Berger: The answer is, “It depends.” It’s not that speaking is better than writing, and it’s not that writing is better than speaking. It depends on what you’re trying to achieve with that interaction. If you want to be more careful and reasoned, writing is pretty good. It gives you the time to construct and find what you’re going to say. On the other hand, we have a lot of data in this paper that suggests that emotional content is often more impactful in a positive way. So, if you want to be impactful, speaking can be good to be persuasive to change others’ minds.
On a website, do I want to use spoken or written reviews? Well, that choice is going to impact not only what kind of content people produce, but how likely it is that that content is going to be persuasive. If I’m a brand, for example, and I’m encouraging people to create product reviews, it might be better to get them to speak because they will be more emotional. And in many product categories, that might be more persuasive.

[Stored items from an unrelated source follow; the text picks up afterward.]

(* Let $\mathfrak{D}\subset(\mathbb{C}\setminus\{0\})^{12}$, with coordinates $(w,w',w'',x,x',x'',y,y',y'',z,z',z'')$, be the variety defined by the equations $1=t(1-t'')$, $1=t'(1-t)$, $1=t''(1-t')$ for each $t\in\{w,x,y,z\}$, together with $1=wxyz$, $1=w'x'y'z'(w'')^2(x'')^2$ and $1=w'x'y'z'(y'')^2(z'')^2$. Let $\overline{\mathfrak{C}}\subset(\mathbb{C}\setminus\{0\})^2\times\mathbb{C}$, with coordinates $(\bar s,\bar u,d)$, be the hypersurface defined by $$0=\bar s\bar u(\bar s-1)(\bar u-1)+d\,(1-\bar s-\bar u+4\bar s\bar u-\bar s^2\bar u-\bar s\bar u^2+\bar s^2\bar u^2)+d^2(2-\bar s-\bar u+2\bar s\bar u)+d^3 .$$ Then there is a birational isomorphism $\mathfrak{D}\to\overline{\mathfrak{C}}$.
   Context: $\mathfrak{D}$ is the deformation variety of the standard four-tetrahedron ideal triangulation of the complement $W$ of the right-handed Whitehead link. The fundamental group $\pi_1(W)$ is generated by two meridians $\mathcal{M}_0,\mathcal{M}_1$ subject to the single relation $\mathcal{M}_1\mathcal{M}_0\mathcal{M}_1\mathcal{M}_0^{-1}\mathcal{M}_1^{-1}\mathcal{M}_0^{-1}\mathcal{M}_1\mathcal{M}_0=\mathcal{M}_0\mathcal{M}_1\mathcal{M}_0^{-1}\mathcal{M}_1^{-1}\mathcal{M}_0^{-1}\mathcal{M}_1\mathcal{M}_0\mathcal{M}_1$, and $\overline{\mathfrak{C}}$ is exactly the set of parameters for which $\mathcal{M}_0\mapsto\begin{pmatrix}\bar s& d\\0&1\end{pmatrix}$, $\mathcal{M}_1\mapsto\begin{pmatrix}\bar u&0\\1&1\end{pmatrix}$ defines a representation of $\pi_1(W)$ into $GL_2(\mathbb{C})$ (equivalently, into the group of projective transformations of $\mathbb{C}P^1$). *)

theory Defs
  imports Complex_Main
begin

(* Points of C^n are represented as complex lists of length n. *)

inductive poly_fun :: "nat \<Rightarrow> (complex list \<Rightarrow> complex) \<Rightarrow> bool" for n where
  pf_const: "poly_fun n (\<lambda>v. c)"
| pf_var: "i < n \<Longrightarrow> poly_fun n (\<lambda>v. v ! i)"
| pf_add: "poly_fun n p \<Longrightarrow> poly_fun n q \<Longrightarrow> poly_fun n (\<lambda>v. p v + q v)"
| pf_mult: "poly_fun n p \<Longrightarrow> poly_fun n q \<Longrightarrow> poly_fun n (\<lambda>v. p v * q v)"

definition zariski_open_in :: "nat \<Rightarrow> complex list set \<Rightarrow> complex list set \<Rightarrow> bool" where
  "zariski_open_in n X U \<longleftrightarrow>
     (\<exists>hs. (\<forall>h\<in>set hs. poly_fun n h) \<and> U = {v\<in>X. \<exists>h\<in>set hs. h v \<noteq> 0})"

definition zariski_dense_in :: "nat \<Rightarrow> complex list set \<Rightarrow> complex list set \<Rightarrow> bool" where
  "zariski_dense_in n X U \<longleftrightarrow>
     U \<subseteq> X \<and> (\<forall>h. poly_fun n h \<longrightarrow> (\<forall>v\<in>U. h v = 0) \<longrightarrow> (\<forall>v\<in>X. h v = 0))"
lemma grp_center_subgroup: "subgroup (grp_center G) G"
  unfolding grp_center_eq_centralizer by (rule centralizer_subgroup) simp

lemma grp_center_normal: "grp_center G \<lhd> G"
  unfolding normal_inv_iff
proof (intro conjI ballI grp_center_subgroup)
  fix x h
  assume x: "x \<in> carrier G" and h: "h \<in> grp_center G"
  then have "x \<otimes> h = h \<otimes> x" and "h \<in> carrier G"
    by (auto simp: grp_center_def)
  then have "x \<otimes> h \<otimes> inv x = h"
    using x by (simp add: m_assoc)
  with h show "x \<otimes> h \<otimes> inv x \<in> grp_center G"
    by simp
qed

lemma card_subgroup_dvd:
  assumes "subgroup H G" "subgroup K G" "H \<subseteq> K"
  shows "card H dvd card K"
proof -
  interpret K: group "G\<lparr>carrier := K\<rparr>"
    by (rule subgroup.subgroup_is_group[OF assms(2) is_group])
  have "card (rcosets\<^bsub>G\<lparr>carrier := K\<rparr>\<^esub> H) * card H = card K"
    using K.lagrange[OF subgroup_incl[OF assms]] by (simp add: Coset.order_def)
  then show ?thesis
    by (metis dvd_triv_right)
qed

lemma conj_mem_coset_of_comm_FactGroup:
  assumes "N \<lhd> G" "comm_group (G Mod N)" "g \<in> carrier G" "x \<in> carrier G"
  shows "\<exists>c \<in> N. g \<otimes> x \<otimes> inv g = c \<otimes> x"
proof
  show "g \<otimes> x \<otimes> inv g \<otimes> inv x \<in> N"
    using derived_minimal[OF assms(1,2)] assms(3,4) unfolding derived_def
    by (blast intro: generate.incl)
  show "g \<otimes> x \<otimes> inv g = g \<otimes> x \<otimes> inv g \<otimes> inv x \<otimes> x"
    using assms(3,4) by (simp add: m_assoc)
qed
lemma frame_differentiable:
  assumes "q \<in> U"
  shows "X differentiable (at q)" "Y differentiable (at q)" "N differentiable (at q)"
    "pdx X differentiable (at q)" "pdy X differentiable (at q)"
    "pdx Y differentiable (at q)" "pdy Y differentiable (at q)"
    "A1 differentiable (at q)" "A2 differentiable (at q)"
    "H differentiable (at q)" "K differentiable (at q)"
proof -
  show X: "X differentiable (at q)" and Y: "Y differentiable (at q)"
    using smooth assms by (auto intro: smooth_on_differentiable_at[OF _ open_U])
  have "bounded_bilinear (cross3 :: real^3 \<Rightarrow> real^3 \<Rightarrow> real^3)"
    using bilinear_conv_bounded_bilinear bilinear_cross by blast
  then show "N differentiable (at q)"
    using X Y unfolding differentiable_def by (blast intro: bounded_bilinear.FDERIV)
  show "pdx X differentiable (at q)" "pdy X differentiable (at q)"
    "pdx Y differentiable (at q)" "pdy Y differentiable (at q)"
    "A1 differentiable (at q)" "A2 differentiable (at q)"
    "H differentiable (at q)" "K differentiable (at q)"
    using smooth assms
    by (auto intro: smooth_on_differentiable_at[OF _ open_U] smooth_on_pdx smooth_on_pdy)
qed

lemma frame_inner_derivatives:
  assumes q: "q \<in> U"
  shows "pdx X q \<bullet> X q = 0" "pdy X q \<bullet> X q = 0" "pdx Y q \<bullet> Y q = 0" "pdy Y q \<bullet> Y q = 0"
    "pdx X q \<bullet> Y q = - (X q \<bullet> pdx Y q)" "pdy X q \<bullet> Y q = - (X q \<bullet> pdy Y q)"
    "pdx X q \<bullet> N q = - H q" "pdy X q \<bullet> N q = 0" "pdx Y q \<bullet> N q = 0" "pdy Y q \<bullet> N q = - K q"
proof -
  note d = frame_differentiable[OF q]
  have XX: "X p \<bullet> X p = 1" "Y p \<bullet> Y p = 1" "X p \<bullet> Y p = 0" "Y p \<bullet> X p = 0" if "p \<in> U" for p
    using orthonormal that by (auto simp: dot_square_norm inner_commute)
  have XN: "X p \<bullet> N p = 0" "Y p \<bullet> N p = 0" for p
    by (simp_all add: dot_cross_self)
  show "pdx X q \<bullet> X q = 0" "pdy X q \<bullet> X q = 0" "pdx Y q \<bullet> Y q = 0" "pdy Y q \<bullet> Y q = 0"
    using pdx_inner_const_on[OF open_U q, of X X] pdy_inner_const_on[OF open_U q, of X X]
      pdx_inner_const_on[OF open_U q, of Y Y] pdy_inner_const_on[OF open_U q, of Y Y] XX d
    by (simp_all add: inner_commute)
  show "pdx X q \<bullet> Y q = - (X q \<bullet> pdx Y q)" "pdy X q \<bullet> Y q = - (X q \<bullet> pdy Y q)"
    using pdx_inner_const_on[OF open_U q, of X Y] pdy_inner_const_on[OF open_U q, of X Y] XX d
    by (simp_all add: eq_neg_iff_add_eq_0)
  show "pdx X q \<bullet> N q = - H q" "pdy X q \<bullet> N q = 0" "pdx Y q \<bullet> N q = 0" "pdy Y q \<bullet> N q = - K q"
    using pdx_inner_const_on[OF open_U q, of X N] pdy_inner_const_on[OF open_U q, of X N]
      pdx_inner_const_on[OF open_U q, of Y N] pdy_inner_const_on[OF open_U q, of Y N]
      XN XX[OF q] d pdx_N[OF q] pdy_N[OF q]
    by (simp_all add: eq_neg_iff_add_eq_0)
qed

text \<open>The symmetry of the second derivatives of r gives the connection coefficients.\<close>

lemma pdy_A1: "q \<in> U \<Longrightarrow> pdy A1 q = A2 q * (X q \<bullet> pdx Y q)"
  and pdx_A2: "q \<in> U \<Longrightarrow> pdx A2 q = A1 q * (Y q \<bullet> pdy X q)"
proof -
  assume q: "q \<in> U"
  note d = frame_differentiable[OF q]
  have "pdy (pdx r) q = pdy (\<lambda>q. A1 q *\<^sub>R X q) q"
    by (rule pdy_cong[OF open_U q pdx_r]) (use d in auto)
  also have "\<dots> = pdy A1 q *\<^sub>R X q + A1 q *\<^sub>R pdy X q" by (rule pdy_scaleR) (use d in auto)
  finally have rxy: "pdy (pdx r) q = pdy A1 q *\<^sub>R X q + A1 q *\<^sub>R pdy X q" .
  have "pdx (pdy r) q = pdx (\<lambda>q. A2 q *\<^sub>R Y q) q"
    by (rule pdx_cong[OF open_U q pdy_r]) (use d in auto)
  also have "\<dots> = pdx A2 q *\<^sub>R Y q + A2 q *\<^sub>R pdx Y q" by (rule pdx_scaleR) (use d in auto)
  finally have ryx: "pdx (pdy r) q = pdx A2 q *\<^sub>R Y q + A2 q *\<^sub>R pdx Y q" .
  have eq: "pdy A1 q *\<^sub>R X q + A1 q *\<^sub>R pdy X q = pdx A2 q *\<^sub>R Y q + A2 q *\<^sub>R pdx Y q"
    using rxy ryx smooth_on_pdy_pdx_eq_pdx_pdy_vec[OF open_U q smooth(1)] by simp
  have XX: "X q \<bullet> X q = 1" "Y q \<bullet> Y q = 1" "X q \<bullet> Y q = 0"
    using orthonormal q by (auto simp: dot_square_norm)
  from arg_cong[OF eq, of "\<lambda>v. v \<bullet> X q"] show "pdy A1 q = A2 q * (X q \<bullet> pdx Y q)"
    using XX frame_inner_derivatives(2)[OF q] by (simp add: inner_add_right inner_commute)
  from arg_cong[OF eq, of "\<lambda>v. v \<bullet> Y q"] show "pdx A2 q = A1 q * (Y q \<bullet> pdy X q)"
    using XX frame_inner_derivatives(3)[OF q] by (simp add: inner_add_right inner_commute)
qed

lemma codazzi_H: "q \<in> U \<Longrightarrow> pdy H q * A2 q = pdy A1 q * K q"
proof -
  assume q: "q \<in> U"
  note d = frame_differentiable[OF q]
  have "pdx (pdy X) q \<bullet> N q + pdy X q \<bullet> pdx N q = 0"
    by (rule pdx_inner_const_on[OF open_U q frame_inner_derivatives(8)]) (use d in auto)
  then have "pdy (pdx X) q \<bullet> N q = 0"
    using smooth_on_pdy_pdx_eq_pdx_pdy_vec[OF open_U q smooth(2)] pdx_N[OF q]
      frame_inner_derivatives(2)[OF q] by simp
  have "- pdy H q = pdy (\<lambda>q. - H q) q" using pdy_minus d by simp
  also have "\<dots> = pdy (\<lambda>q. pdx X q \<bullet> N q) q"
    using pdy_cong[OF open_U q, of "\<lambda>q. pdx X q \<bullet> N q" "\<lambda>q. - H q"] frame_inner_derivatives(7) d
    by simp
  also have "\<dots> = pdy (pdx X) q \<bullet> N q + pdx X q \<bullet> pdy N q" by (rule pdy_inner) (use d in auto)
  also have "\<dots> = - K q * (X q \<bullet> pdx Y q)"
    using \<open>pdy (pdx X) q \<bullet> N q = 0\<close> pdy_N[OF q] frame_inner_derivatives(5)[OF q] by simp
  finally show ?thesis using pdy_A1[OF q] by simp
qed

lemma codazzi_K: "q \<in> U \<Longrightarrow> pdx K q * A1 q = pdx A2 q * H q"
proof -
  assume q: "q \<in> U"
  note d = frame_differentiable[OF q]
  have "pdy (pdx Y) q \<bullet> N q + pdx Y q \<bullet> pdy N q = 0"
    by (rule pdy_inner_const_on[OF open_U q frame_inner_derivatives(9)]) (use d in auto)
  then have "pdx (pdy Y) q \<bullet> N q = 0"
    using smooth_on_pdy_pdx_eq_pdx_pdy_vec[OF open_U q smooth(3)] pdy_N[OF q]
      frame_inner_derivatives(3)[OF q] by simp
  have "- pdx K q = pdx (\<lambda>q. - K q) q" using pdx_minus d by simp
  also have "\<dots> = pdx (\<lambda>q. pdy Y q \<bullet> N q) q"
    using pdx_cong[OF open_U q, of "\<lambda>q. pdy Y q \<bullet> N q" "\<lambda>q. - K q"] frame_inner_derivatives(10) d
    by simp
  also have "\<dots> = pdx (pdy Y) q \<bullet> N q + pdy Y q \<bullet> pdx N q" by (rule pdx_inner) (use d in auto)
  also have "\<dots> = - H q * (Y q \<bullet> pdy X q)"
    using \<open>pdx (pdy Y) q \<bullet> N q = 0\<close> pdx_N[OF q] frame_inner_derivatives(6)[OF q]
    by (simp add: inner_commute)
  finally show ?thesis using pdx_A2[OF q] by simp
qed

lemma gauss: "q \<in> U \<Longrightarrow> pdy (\<lambda>q. pdy A1 q / A2 q) q + pdx (\<lambda>q. pdx A2 q / A1 q) q + H q * K q = 0"
proof -
  assume q: "q \<in> U"
  note d = frame_differentiable[OF q]
  have "pdy (\<lambda>q. pdy A1 q / A2 q) q = pdy (\<lambda>q. X q \<bullet> pdx Y q) q"
    by (rule pdy_cong[OF open_U q]) (use pdy_A1 A_nonzero d in auto)
  also have "\<dots> = pdy X q \<bullet> pdx Y q + X q \<bullet> pdy (pdx Y) q" by (rule pdy_inner) (use d in auto)
  finally have P: "pdy (\<lambda>q. pdy A1 q / A2 q) q = pdy X q \<bullet> pdx Y q + X q \<bullet> pdy (pdx Y) q" .
  have "pdx (\<lambda>q. pdx A2 q / A1 q) q = pdx (\<lambda>q. Y q \<bullet> pdy X q) q"
    by (rule pdx_cong[OF open_U q]) (use pdx_A2 A_nonzero d in auto)
  also have "\<dots> = pdx Y q \<bullet> pdy X q + Y q \<bullet> pdx (pdy X) q" by (rule pdx_inner) (use d in auto)
  finally have Q: "pdx (\<lambda>q. pdx A2 q / A1 q) q = pdx Y q \<bullet> pdy X q + Y q \<bullet> pdx (pdy X) q" .
  have "pdy (\<lambda>q. pdx X q \<bullet> Y q + X q \<bullet> pdx Y q) q = 0"
    by (rule pdy_const_on[OF open_U q]) (use frame_inner_derivatives(5) in auto)
  then have E: "pdy (pdx X) q \<bullet> Y q + pdx X q \<bullet> pdy Y q + (pdy X q \<bullet> pdx Y q + X q \<bullet> pdy (pdx Y) q) = 0"
    using pdy_add[of "\<lambda>q. pdx X q \<bullet> Y q" q "\<lambda>q. X q \<bullet> pdx Y q"] pdy_inner[of "pdx X" q Y]
      pdy_inner[of X q "pdx Y"] d by simp
  have frame: "norm (X q) = 1" "norm (Y q) = 1" "X q \<bullet> Y q = 0" using orthonormal q by auto
  have "pdx Y q \<bullet> pdy X q = 0" "pdx X q \<bullet> pdy Y q = H q * K q"
    using inner_orthonormal_frame_expansion[OF frame, of "pdx Y q" "pdy X q"]
      inner_orthonormal_frame_expansion[OF frame, of "pdx X q" "pdy Y q"]
      frame_inner_derivatives[OF q] by (simp_all add: inner_commute)
  then show ?thesis
    using P Q E smooth_on_pdy_pdx_eq_pdx_pdy_vec[OF open_U q smooth(2)] by (simp add: inner_commute)
qed

end

section \<open>Pointwise algebra of the first kind\<close>

lemma first_kind_curvature_identity:
  fixes a1 a2 hh k t1 t2 qn :: real
  assumes a1: "a1 \<noteq> 0" and a2: "a2 \<noteq> 0" and qn: "qn \<noteq> 0"
    and equil: "(- hh / a1) * t1 + (- k / a2) * t2 + qn = 0"
    and kind1: "2 * (t2 * a1) * hh - qn * a1\<^sup>2 = - qn"
    and kind2: "2 * (t1 * a2) * k - qn * a2\<^sup>2 = qn"
  shows "(hh * a2 - k * a1)\<^sup>2 = k\<^sup>2 - hh\<^sup>2"
proof -
  have equil': "hh * a2 * t1 + k * a1 * t2 = qn * a1 * a2"
    using equil a1 a2 by (simp add: field_simps)
  have "qn * (hh * a2 - k * a1)\<^sup>2 = hh\<^sup>2 * (qn * a2\<^sup>2) - 2 * hh * k * (qn * a1 * a2) + k\<^sup>2 * (qn * a1\<^sup>2)"
    by (simp add: power2_eq_square algebra_simps)
  also have "\<dots> = hh\<^sup>2 * (2 * t1 * a2 * k - qn) - 2 * hh * k * (hh * a2 * t1 + k * a1 * t2)
      + k\<^sup>2 * (2 * t2 * a1 * hh + qn)"
    using kind1 kind2 by (simp only: equil') (simp add: algebra_simps)
  also have "\<dots> = qn * (k\<^sup>2 - hh\<^sup>2)"
    by (simp add: power2_eq_square algebra_simps)
  finally show ?thesis using qn by simp
qed
lemma subclusters_finite_card:
  assumes x: "x \<in> E"
  shows "finite (subclusters k x) \<and> card (subclusters k x) \<le> 2 ^ m"
proof (rule finite_if_finite_subsets_card_bdd)
  fix G assume G: "G \<subseteq> subclusters k x" "finite G"
  have "\<forall>D\<in>G. \<exists>z. z \<in> cluster k x \<and> cluster (Suc k) z = D"
    using G(1) by (auto simp: subclusters_def)
  from bchoice[OF this] obtain f where "\<forall>D\<in>G. f D \<in> cluster k x \<and> cluster (Suc k) (f D) = D"
    by blast
  hence f: "\<And>D. D \<in> G \<Longrightarrow> f D \<in> cluster k x \<and> cluster (Suc k) (f D) = D"
    by blast
  have inj: "inj_on f G"
  proof (rule inj_onI)
    fix D D' assume D: "D \<in> G" "D' \<in> G" "f D = f D'"
    have "D = cluster (Suc k) (f D)" using f[OF D(1)] by simp
    also have "\<dots> = D'" using f[OF D(2)] D(3) by simp
    finally show "D = D'" .
  qed
  have fE: "f D \<in> E" "gapless E (gap_scale k) (f D) x" if "D \<in> G" for D
    using f[OF that] by (auto simp: cluster_def)
  define Y where "Y = f ` G"
  have Y: "finite Y" "Y \<subseteq> E" using G(2) fE by (auto simp: Y_def)
  have near: "\<forall>y\<in>Y. \<bar>y - x\<bar> \<le> spread * gap_scale k"
    unfolding Y_def using gapless_dist_less[OF fE(1) x fE(2)] by (auto intro: less_imp_le)
  have separated: "\<forall>y\<in>Y. \<forall>y'\<in>Y. y \<noteq> y' \<longrightarrow> gap_scale (Suc k) \<le> \<bar>y - y'\<bar>"
  proof (intro ballI impI)
    fix y y' assume "y \<in> Y" "y' \<in> Y" "y \<noteq> y'"
    then obtain D D' where D: "D \<in> G" "D' \<in> G" "y = f D" "y' = f D'" "D \<noteq> D'"
      by (auto simp: Y_def)
    have "\<not> gapless E (gap_scale (Suc k)) y y'"
    proof
      assume "gapless E (gap_scale (Suc k)) y y'"
      hence "cluster (Suc k) y = cluster (Suc k) y'" using D fE by (intro cluster_eq) auto
      moreover have "cluster (Suc k) y = D" "cluster (Suc k) y' = D'"
        using D f by auto
      ultimately show False using D(5) by simp
    qed
    thus "gap_scale (Suc k) \<le> \<bar>y - y'\<bar>" using gapless_if_close[of y y' "gap_scale (Suc k)" E] by linarith
  qed
  have "gap_scale (Suc k) \<le> 3 * d" using gap_scale_le[of "Suc k"] diameter_pos by simp
  hence "real (card Y) * (c * (gap_scale (Suc k) / 3) powr s) \<le> C * (spread * gap_scale k + gap_scale (Suc k) / 3) powr s"
    by (rule packing_bound[OF Y x near separated gap_scale_pos])
  hence "card Y \<le> 2 ^ m"
    using gap_scale_pos[of k] by (intro subcluster_count_le[of _ "gap_scale k"]) (simp_all add: gap_scale_Suc)
  thus "card G \<le> 2 ^ m" using inj by (simp add: Y_def card_image)
qed

lemma left_part_subclusters: "cluster (Suc k) ` left_part k x \<subseteq> subclusters k x"
  by (auto simp: left_part_def subclusters_def)

lemma cluster_not_in_left_part:
  assumes x: "x \<in> E"
  shows "cluster (Suc k) x \<notin> cluster (Suc k) ` left_part k x"
proof
  assume "cluster (Suc k) x \<in> cluster (Suc k) ` left_part k x"
  then obtain z where z: "z \<in> left_part k x" "cluster (Suc k) x = cluster (Suc k) z" by auto
  hence "z \<in> cluster (Suc k) x"
    using mem_cluster_self[of z "Suc k"] by (simp add: left_part_def cluster_def)
  thus False using z(1) by (simp add: left_part_def)
qed

lemma subcluster_rank_less:
  assumes x: "x \<in> E"
  shows "subcluster_rank k x < 2 ^ m"
proof -
  have "x \<in> cluster k x" by (rule mem_cluster_self[OF x])
  hence mem: "cluster (Suc k) x \<in> subclusters k x" unfolding subclusters_def by (rule imageI)
  have "cluster (Suc k) ` left_part k x \<noteq> subclusters k x"
  proof
    assume "cluster (Suc k) ` left_part k x = subclusters k x"
    thus False using mem cluster_not_in_left_part[OF x, of k] by simp
  qed
  hence "cluster (Suc k) ` left_part k x \<subset> subclusters k x"
    by (rule psubsetI[OF left_part_subclusters])
  hence "subcluster_rank k x < card (subclusters k x)"
    unfolding subcluster_rank_def using subclusters_finite_card[OF x] by (intro psubset_card_mono) auto
  thus ?thesis using subclusters_finite_card[OF x, of k] by linarith
qed

lemma mem_left_part_iff:
  "z \<in> left_part k x \<longleftrightarrow>
    z \<in> E \<and> gapless E (gap_scale k) z x \<and> z < x \<and> \<not> gapless E (gap_scale (Suc k)) z x"
  by (auto simp: left_part_def cluster_def)

lemma subcluster_rank_eq:
  assumes x: "x \<in> E" and y: "y \<in> E" and xy: "x < y"
    and close: "gapless E (gap_scale (Suc k)) x y"
  shows "subcluster_rank k x = subcluster_rank k y"
proof -
  have close_k: "gapless E (gap_scale k) x y"
    using gapless_mono[OF gap_scale_Suc_le close] .
  have "left_part k x = left_part k y"
  proof (intro set_eqI iffI)
    fix z assume "z \<in> left_part k x"
    hence z: "z \<in> E" "gapless E (gap_scale k) z x" "z < x" "\<not> gapless E (gap_scale (Suc k)) z x"
      by (simp_all add: mem_left_part_iff)
    have "\<not> gapless E (gap_scale (Suc k)) z y"
    proof
      assume "gapless E (gap_scale (Suc k)) z y"
      moreover have "gapless E (gap_scale (Suc k)) y x" using close gapless_sym by metis
      ultimately show False using z(4) gapless_trans[OF y] by blast
    qed
    thus "z \<in> left_part k y"
      using z xy gapless_trans[OF x z(2) close_k] by (simp add: mem_left_part_iff)
  next
    fix z assume "z \<in> left_part k y"
    hence z: "z \<in> E" "gapless E (gap_scale k) z y" "z < y" "\<not> gapless E (gap_scale (Suc k)) z y"
      by (simp_all add: mem_left_part_iff)
    have far: "\<not> gapless E (gap_scale (Suc k)) z x"
    proof
      assume "gapless E (gap_scale (Suc k)) z x"
      thus False using z(4) gapless_trans[OF x _ close] by blast
    qed
    have "z < x"
    proof (rule ccontr)
      assume "\<not> z < x"
      hence "gapless E (gap_scale (Suc k)) z y"
        using z(3) xy by (intro gapless_subinterval[OF close]) auto
      thus False using z(4) by simp
    qed
    moreover have "gapless E (gap_scale k) y x" using close_k gapless_sym by metis
    ultimately show "z \<in> left_part k x"
      using z far gapless_trans[OF y z(2)] by (simp add: mem_left_part_iff)
  qed
  thus ?thesis by (simp add: subcluster_rank_def)
qed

Similarly, we talked about customer service. The mode of interaction may shape the nature of that interaction. If I’m a doctor or a lawyer, you could say, “I want to reason through my arguments first. I want to write them down.” But if I want to be particularly persuasive, maybe I need to be sure that’s not sucking out all of the emotion because that may make it feel lifeless when I communicate it.
I think it’s really understanding the impact we want our communications to have, and then taking a step back and analyzing the language itself. I think there are a lot of interesting questions here to be answered in future research, but the main idea is understanding the interaction between the medium and the message.